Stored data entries
━━━
definition VI :: "real \<Rightarrow> real \<Rightarrow> vec2 \<Rightarrow> real" where
  "VI aI rd x = (if norm x < rd then aI / 2 * (norm x - rd)^2 else 0)"

text \<open>Gradient of V_I (for x \<noteq> 0): f_I(norm x) times the unit vector x / norm x.\<close>
definition gradVI :: "real \<Rightarrow> real \<Rightarrow> vec2 \<Rightarrow> vec2" where
  "gradVI aI rd x = (fI aI rd (norm x) / norm x) *\<^sub>R x"

definition signed_dist :: "vec2 set \<Rightarrow> vec2 \<Rightarrow> real" where
  "signed_dist \<Omega> x = (if x \<in> \<Omega> then - infdist x (frontier \<Omega>) else infdist x (frontier \<Omega>))"

definition Vh :: "vec2 set \<Rightarrow> real \<Rightarrow> real \<Rightarrow> vec2 \<Rightarrow> real" where
  "Vh \<Omega> ah rd x = (if signed_dist \<Omega> x \<le> - rd / 2 then 0
                     else ah / 2 * (signed_dist \<Omega> x + rd / 2)^2)"

definition Phi :: "nat \<Rightarrow> vec2 set \<Rightarrow> real \<Rightarrow> real \<Rightarrow> real \<Rightarrow>
    (nat \<Rightarrow> real \<Rightarrow> vec2) \<Rightarrow> (nat \<Rightarrow> real \<Rightarrow> vec2) \<Rightarrow> real \<Rightarrow> real" where
  "Phi N \<Omega> rd aI ah p v t = 1/2 * (\<Sum>i<N. v i t \<bullet> v i t
      + (\<Sum>j\<in>{..<N} - {i}. VI aI rd (p i t - p j t)) + 2 * Vh \<Omega> ah rd (p i t))"

end

theory Submission
  imports Defs
begin

(* The energy Phi is a Lyapunov function of the closed loop: as long as no two vehicles
   coincide, its derivative is -a_v * sum |v_i|^2, because the control cancels the
   potential terms and the pairwise forces grad V_I(p_ij) are antisymmetric in (i, j).
   Before the first time t0 at which some pair comes within c_r all vehicles are distinct,
   so Phi(t0) <= Phi(0) < a_I/2 * min(c_r - r_d, 0)^2. At t0 the colliding pair alone
   contributes V_I(p_ij(t0)) to Phi, which is at least that much because V_I is radially
   nonincreasing. *)

definition VI_profile :: "real \<Rightarrow> real \<Rightarrow> real \<Rightarrow> real" where
  "VI_profile aI rd r = aI / 2 * (min (r - rd) 0)^2"

lemma fI_eq_min: "fI aI rd r = aI * min (r - rd) 0"
  by (simp add: fI_def min_def)

lemma VI_eq_profile_norm: "VI aI rd x = VI_profile aI rd (norm x)"
  by (simp add: VI_def VI_profile_def min_def)

lemma VI_profile_nonneg: "0 \<le> aI \<Longrightarrow> 0 \<le> VI_profile aI rd r"
  by (simp add: VI_profile_def)

lemma VI_nonneg: "0 \<le> aI \<Longrightarrow> 0 \<le> VI aI rd x"
  by (simp add: VI_eq_profile_norm VI_profile_nonneg)

lemma VI_profile_antimono:
  assumes "0 \<le> aI" and "r \<le> s"
  shows "VI_profile aI rd s \<le> VI_profile aI rd r"
proof -
  have "(- min (s - rd) 0)^2 \<le> (- min (r - rd) 0)^2"
    by (rule power_mono) (use assms(2) in \<open>auto simp: min_def\<close>)
  then show ?thesis
    unfolding VI_profile_def using assms(1) by (simp add: mult_left_mono)
qed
━━━
» **WHAT TO PRODUCE**: Using the records above, write out exactly the lines from the one containing "s \<le> VI_profile" through the last, and add nothing.

» **ANSWER TO THE EXERCISE**:
  shows "VI_profile aI rd s \<le> VI_profile aI rd r"
proof -
  have "(- min (s - rd) 0)^2 \<le> (- min (r - rd) 0)^2"
    by (rule power_mono) (use assms(2) in \<open>auto simp: min_def\<close>)
  then show ?thesis
    unfolding VI_profile_def using assms(1) by (simp add: mult_left_mono)
qed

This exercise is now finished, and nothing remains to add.